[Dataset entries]
════════════════════

(* Consider the setting described in the context, with fixed data $\mathcal{G}$, $\mathcal{I}_u$, $\mathcal{I}_\omega$ and fixed parameters $T,\tilde t, N, c_i, d, \epsilon_i, T_i, \underline\omega_i,\bar\omega_i$. For every $\hat P=[\hat p(0),\dots,\hat p(N-1)]\in\mathbb{R}^{n\times N}$, $f_0\in\mathbb{R}^m$, $\omega_0\in\mathbb{R}^n$ and $a_0\in\mathbb{A}$, the optimization problem $\mathbf{R}(\hat P,f_0,\omega_0,a_0)$ has a unique optimal solution $(\hat F^*,\hat\Omega^*,\hat A^*,\hat u^*,\beta^* )$. Moreover, $\hat u^*$ is a continuous and piece-wise affine function of $z$, where $z$ is the column vector stacking $(\hat P, f_0,\omega_0,a_0)$: there exist $l\in\mathbb{N}$ and matrices/vectors $\{H_i\}_{i=1}^l,\{S_i\}_{i=1}^l,\{h_i\}_{i=1}^l,\{s_i\}_{i=1}^l$ of suitable dimensions such that for every admissible $z$, $\hat u^* = S_i z+s_i$ whenever $H_i z\leqslant h_i$, $i\in\{1,\dots,l\}$ (and the sets $\{y: H_i y\leqslant h_i\}$ cover all admissible $z$).
   Context: Let $\mathcal{G}=(\mathcal{I},\mathcal{E})$ be a connected undirected graph with $\mathcal{I}=\{1,\dots,n\}$ and $\mathcal{E}=\{e_1,\dots,e_m\}$, with a fixed arbitrary orientation and incidence matrix $D\in\mathbb{R}^{m\times n}$ ($D_{ki}=1$ if $i$ is the positive end of $e_k$, $-1$ if the negative end, $0$ otherwise). Let $M=\mathrm{diag}(M_1,\dots,M_n)$ and $E=\mathrm{diag}(E_1,\dots,E_n)$ with all $M_i,E_i>0$, and let $Y_b\in\mathbb{R}^{m\times m}$ be diagonal with positive diagonal entries. Let $\mathcal{I}_\omega\subseteq\mathcal{I}_u\subseteq\mathcal{I}$ and $\mathbb{A}=\{y\in\mathbb{R}^n: y_w=0 \text{ for all } w\in\mathcal{I}\setminus\mathcal{I}_u\}$. Parameters: $T>0$, $\tilde t>0$, $N=\lceil \tilde t/T\rceil$, $c_i>0$, $\epsilon_i>0$, $T_i>0$ for $i\in\mathcal{I}_u$, $d>0$, and $\underline\omega_i<\bar\omega_i$ for $i\in\mathcal{I}_\omega$. The problem $\mathbf{R}(\hat P,f_0,\omega_0,a_0)$ has decision variables $\hat f(k)\in\mathbb{R}^m$, $\hat\omega(k)\in\mathbb{R}^n$, $\hat\alpha(k)\in\mathbb{R}^n$ ($k=0,\dots,N$), $\hat u\in\mathbb{R}^n$, $\beta\in\mathbb{R}$ (with $\hat F=[\hat f(0),\dots,\hat f(N)]$, $\hat\Omega$, $\hat A$ defined analogously), and reads: minimize $\sum_{i\in\mathcal{I}_u} c_i\hat u_i^2 + d\beta^2$ subject to, for all $k\in\{0,\dots,N-1\}$: $\hat f(k+1)=\hat f(k)+TY_bD\hat\omega(k)$; $M\hat\omega(k+1)=M\hat\omega(k)+T(-E\hat\omega(k)-D^T\hat f(k)+\hat p(k)+\hat u)$; $\hat\alpha_i(k+1)=\hat\alpha_i(k)+T(-\hat\alpha_i(k)/T_i-\hat\omega_i(k)+\hat u_i)$ for $i\in\mathcal{I}_u$; $\hat\alpha_i(k)=0$ for all $k$ and $i\in\mathcal{I}\setminus\mathcal{I}_u$; $\hat u\in\mathbb{A}$; $\hat f(0)=f_0$, $\hat\omega(0)=\omega_0$, $\hat\alpha(0)=a_0$; $\underline\omega_i-\beta\leqslant\hat\omega_i(k+1)\leqslant\bar\omega_i+\beta$ for all $i\in\mathcal{I}_\omega$; and $|\hat u_i|\leqslant\epsilon_i|a_{0,i}|$ for all $i\in\mathcal{I}_u$. Admissible $z$ are those with $a_0\in\mathbb{A}$. *)

theory Defs
  imports "HOL-Analysis.Analysis"
begin

text \<open>Vertices are the elements of a finite type 'n (so n = CARD('n)), edges the
elements of a finite type 'm (m = CARD('m)). The fixed orientation of edge k is
given by its positive end pos k and its negative end neg k.\<close>

definition incidence :: "('m \<Rightarrow> 'n) \<Rightarrow> ('m \<Rightarrow> 'n) \<Rightarrow> real^'n^'m" where
  "incidence pos neg = (\<chi> k i. if i = pos k then 1 else if i = neg k then -1 else 0)"

definition connected_simple_graph :: "('m::finite \<Rightarrow> 'n::finite) \<Rightarrow> ('m \<Rightarrow> 'n) \<Rightarrow> bool" where
  "connected_simple_graph pos neg \<longleftrightarrow>
     (\<forall>k. pos k \<noteq> neg k) \<and>
     (\<forall>k k'. {pos k, neg k} = {pos k', neg k'} \<longrightarrow> k = k') \<and>
     (\<forall>i j. (i, j) \<in> ({(pos k, neg k) | k. True} \<union> {(neg k, pos k) | k. True})\<^sup>*)"
(* Assume (AS0)–(AS3). Then: (i) for every $\epsilon>0$, $\limsup_{T\to\infty}R_\epsilon(T)/T^{1+d}<\infty$; (ii) for every $\epsilon>0$, $\limsup_{T\to\infty}R_\epsilon(T)/\big(T\,G(2\epsilon T)\big)<\infty$; (iii) if $\epsilon\in(0,\tfrac12)$, or if $\epsilon>0$ and $f$ is non-increasing, then $\limsup_{T\to\infty}R_\epsilon(T)/\big(T\,G(T)\big)<\infty$.
   Context: Let $d\ge 1$. Let $V=\{V(t,x):(t,x)\in\mathbb Z_+\times\mathbb Z^d\}$ be i.i.d. real random variables under a probability measure $Q$ (the expectation is also denoted $Q$). Assumptions: (AS0) $V(0,0)$ is non-degenerate; (AS1) $Q(V(0,0))=0$; (AS2) there is $\bar\eta>0$ with $Q(e^{\eta V(0,0)})<\infty$ for all $|\eta|<\bar\eta$; (AS3) there exist $\bar x>0$ and a continuous strictly increasing function $G:[0,\infty)\to[0,\infty)$ with $G(0)=0$, $\lim_{x\to\infty}G(x)=\infty$, and $Q(-V(0,0)>x)=e^{-xG(x)}$ for all $x\ge\bar x$. $f(x)=G(x)/x^d$ for $x>0$. $P_x$ is the law of simple symmetric nearest-neighbour random walk $\gamma$ on $\mathbb Z^d$ with $\gamma(0)=x$, independent of $V$, $E_x$ its expectation; $H_\gamma(T)=\sum_{t=0}^{T-1}V(t,\gamma(t))$ and $Z(T)=E_0 e^{H_\gamma(T)}$. There is a deterministic $\lambda\in[0,\infty)$ with $\frac1T\ln Z(T)\to\lambda$ $Q$-a.s. For $\epsilon>0$, $R_\epsilon(T)=-\ln Q(Z(T)\le e^{(\lambda-\epsilon)T})$. *)

theory Defs
  imports "HOL-Probability.Probability"
begin

text \<open>Nearest-neighbour unit steps in Z^d, with Z^d rendered as int ^ 'd, d = CARD('d).\<close>
definition unit_steps :: "(int ^ 'd) set" where
  "unit_steps = {axis i 1 | i. True} \<union> {axis i (-1) | i. True}"

definition walk :: "(int ^ 'd) list \<Rightarrow> nat \<Rightarrow> int ^ 'd" where
  "walk xs t = sum_list (take t xs)"

text \<open>Z(T) = E_0 exp(sum_{t<T} V(t, gamma t)): the walk positions gamma(0),...,gamma(T-1)
  are determined by T-1 i.i.d. uniform steps, each with probability 1/(2d).\<close>
definition partition_fn :: "(nat \<times> (int ^ 'd) \<Rightarrow> 'a \<Rightarrow> real) \<Rightarrow> nat \<Rightarrow> 'a \<Rightarrow> real" where
  "partition_fn V T \<omega> =
     (\<Sum>xs\<in>{xs. set xs \<subseteq> (unit_steps :: (int ^ 'd) set) \<and> length xs = T - 1}.
        (1 / (2 * real CARD('d)) ^ (T - 1)) * exp (\<Sum>t<T. V (t, walk xs t) \<omega>))"

text \<open>R_eps(T) = - ln Q(Z(T) <= exp((lambda - eps) T)), valued in extended reals
  (= +infinity when the probability is 0).\<close>
definition rate_fn :: "'a measure \<Rightarrow> (nat \<times> (int ^ 'd) \<Rightarrow> 'a \<Rightarrow> real) \<Rightarrow> real \<Rightarrow> real \<Rightarrow> nat \<Rightarrow> ereal" where
  "rate_fn M V lam eps T =
     (let p = measure M {\<omega> \<in> space M. partition_fn V T \<omega> \<le> exp ((lam - eps) * real T)}
      in if p = 0 then \<infinity> else ereal (- ln p))"

end

theory Submission
  imports Defs
begin

(* Box strategy (part (i)): if every potential V(t,x) with t < T and x in the cube
   [-T,T]^d is at most -c, then Z(T) <= exp(-cT).  By independence this event has
   probability q^N with q = Q(V <= -c) > 0 and N <= T (2T+1)^d, so R_eps(T) = O(T^(1+d)).

   Origin strategy (parts (ii),(iii)): Z(T) = exp(V(0,0)) * Z'(T), where Z'(T) only depends
   on the potentials away from the space-time origin and hence is independent of V(0,0).
   Since (ln Z(T))/T -> lambda, Z'(T) <= exp((lambda+eps)T) with probability >= 1/4 for
   large T, so Q(Z(T) <= exp((lambda-eps)T)) >= Q(V(0,0) <= -2 eps T)/4, and the tail
   assumption (AS3) yields R_eps(T) <= 2 eps T G(2 eps T) + ln 4.  Part (iii) follows by
   comparing G(2 eps T) with G(T).

   Only independence, identical distribution, the tail law (AS3), G -> infinity and the
   a.s. limit lambda are needed; (AS0)-(AS2), continuity of G and lambda >= 0 are not. *)

section \<open>Nearest-neighbour walks\<close>

lemma finite_unit_steps: "finite (unit_steps :: (int^'d) set)"
proof -
  have "(unit_steps :: (int^'d) set) = range (\<lambda>i::'d. axis i (1::int)) \<union> range (\<lambda>i::'d. axis i (-1::int))"
    unfolding unit_steps_def by auto
  then show ?thesis by (metis finite finite_Un finite_imageI)
qed

lemma card_unit_steps: "card (unit_steps :: (int^'d) set) \<le> 2 * CARD('d)"
proof -
  have "card (unit_steps :: (int^'d) set)
      \<le> card (range (\<lambda>i::'d. axis i (1::int))) + card (range (\<lambda>i::'d. axis i (-1::int)))"
    unfolding unit_steps_def by (rule order.trans[OF card_Un_le]) (simp add: full_SetCompr_eq)
  also have "\<dots> \<le> CARD('d) + CARD('d)" by (intro add_mono card_image_le) auto
  finally show ?thesis by simp
qed

lemma unit_step_coordinate: "u \<in> unit_steps \<Longrightarrow> \<bar>u $ i\<bar> \<le> 1"
  unfolding unit_steps_def by (auto simp: axis_def)

lemma sum_list_unit_steps_coordinate:
  "set ys \<subseteq> unit_steps \<Longrightarrow> \<bar>sum_list ys $ i\<bar> \<le> int (length ys)"
proof (induction ys)
  case Nil then show ?case by (simp add: zero_vec_def)
next
  case (Cons y ys)
  have "\<bar>y $ i\<bar> \<le> 1" using Cons.prems unit_step_coordinate[of y i] by simp
  moreover have "\<bar>sum_list ys $ i\<bar> \<le> int (length ys)" using Cons by simp
  moreover have "\<bar>y $ i + sum_list ys $ i\<bar> \<le> \<bar>y $ i\<bar> + \<bar>sum_list ys $ i\<bar>"
    by (rule abs_triangle_ineq)
  ultimately show ?case by simp
qed

definition cube :: "nat \<Rightarrow> (int^'d) set" where
  "cube T = {x. \<forall>i. \<bar>x $ i\<bar> \<le> int T}"

lemma walk_in_cube:
  assumes "set xs \<subseteq> unit_steps" "t \<le> T"
  shows "walk xs t \<in> cube T"
proof -
  have "set (take t xs) \<subseteq> unit_steps" by (rule order_trans[OF set_take_subset assms(1)])
  then have "\<bar>walk xs t $ i\<bar> \<le> int (length (take t xs))" for i
    unfolding walk_def by (rule sum_list_unit_steps_coordinate)
  moreover have "int (length (take t xs)) \<le> int T" using assms(2) by simp
  ultimately have "\<bar>walk xs t $ i\<bar> \<le> int T" for i by (rule order_trans)
  then show ?thesis unfolding cube_def by blast
qed

lemma finite_card_cube:
  "finite (cube T :: (int^'d) set) \<and> card (cube T :: (int^'d) set) \<le> (2*T+1) ^ CARD('d)"
proof -
  let ?f = "\<lambda>x::int^'d. \<lambda>i. x $ i"
  let ?P = "PiE (UNIV::'d set) (\<lambda>_. {-int T..int T})"
  have inj: "inj_on ?f (cube T)" by (auto simp: inj_on_def vec_eq_iff fun_eq_iff)
  have "x $ i \<in> {-int T..int T}" if "x \<in> cube T" for x i
  proof -
    have "\<bar>x $ i\<bar> \<le> int T" using that unfolding cube_def by blast
    then show ?thesis by (simp add: abs_le_iff)
  qed
  then have sub: "?f ` cube T \<subseteq> ?P" by auto
  have fin: "finite ?P" by (simp add: finite_PiE)
  have "card {-int T..int T} = 2*T+1" by simp
  then have "card ?P = (2*T+1) ^ CARD('d)" by (simp add: card_PiE)
  then show ?thesis using card_inj_on_le[OF inj sub fin] inj sub fin finite_imageD finite_subset
    by metis
qed

definition paths :: "nat \<Rightarrow> (int^'d) list set" where
  "paths T = {xs. set xs \<subseteq> unit_steps \<and> length xs = T - 1}"

lemma finite_paths: "finite (paths T)"
  unfolding paths_def using finite_unit_steps by (rule finite_lists_length_eq)

lemma paths_nonempty: "replicate (T - 1) (axis i 1) \<in> paths T"
  unfolding paths_def unit_steps_def by auto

════════════════════

Where the data above reaches the line holding "(int^'d) set) \<and>", begin printing, and stop after the line holding "inj_on_def vec_eq_iff fun_eq_iff)". Each line must be reproduced exactly, with nothing else added.

  "finite (cube T :: (int^'d) set) \<and> card (cube T :: (int^'d) set) \<le> (2*T+1) ^ CARD('d)"
proof -
  let ?f = "\<lambda>x::int^'d. \<lambda>i. x $ i"
  let ?P = "PiE (UNIV::'d set) (\<lambda>_. {-int T..int T})"
  have inj: "inj_on ?f (cube T)" by (auto simp: inj_on_def vec_eq_iff fun_eq_iff)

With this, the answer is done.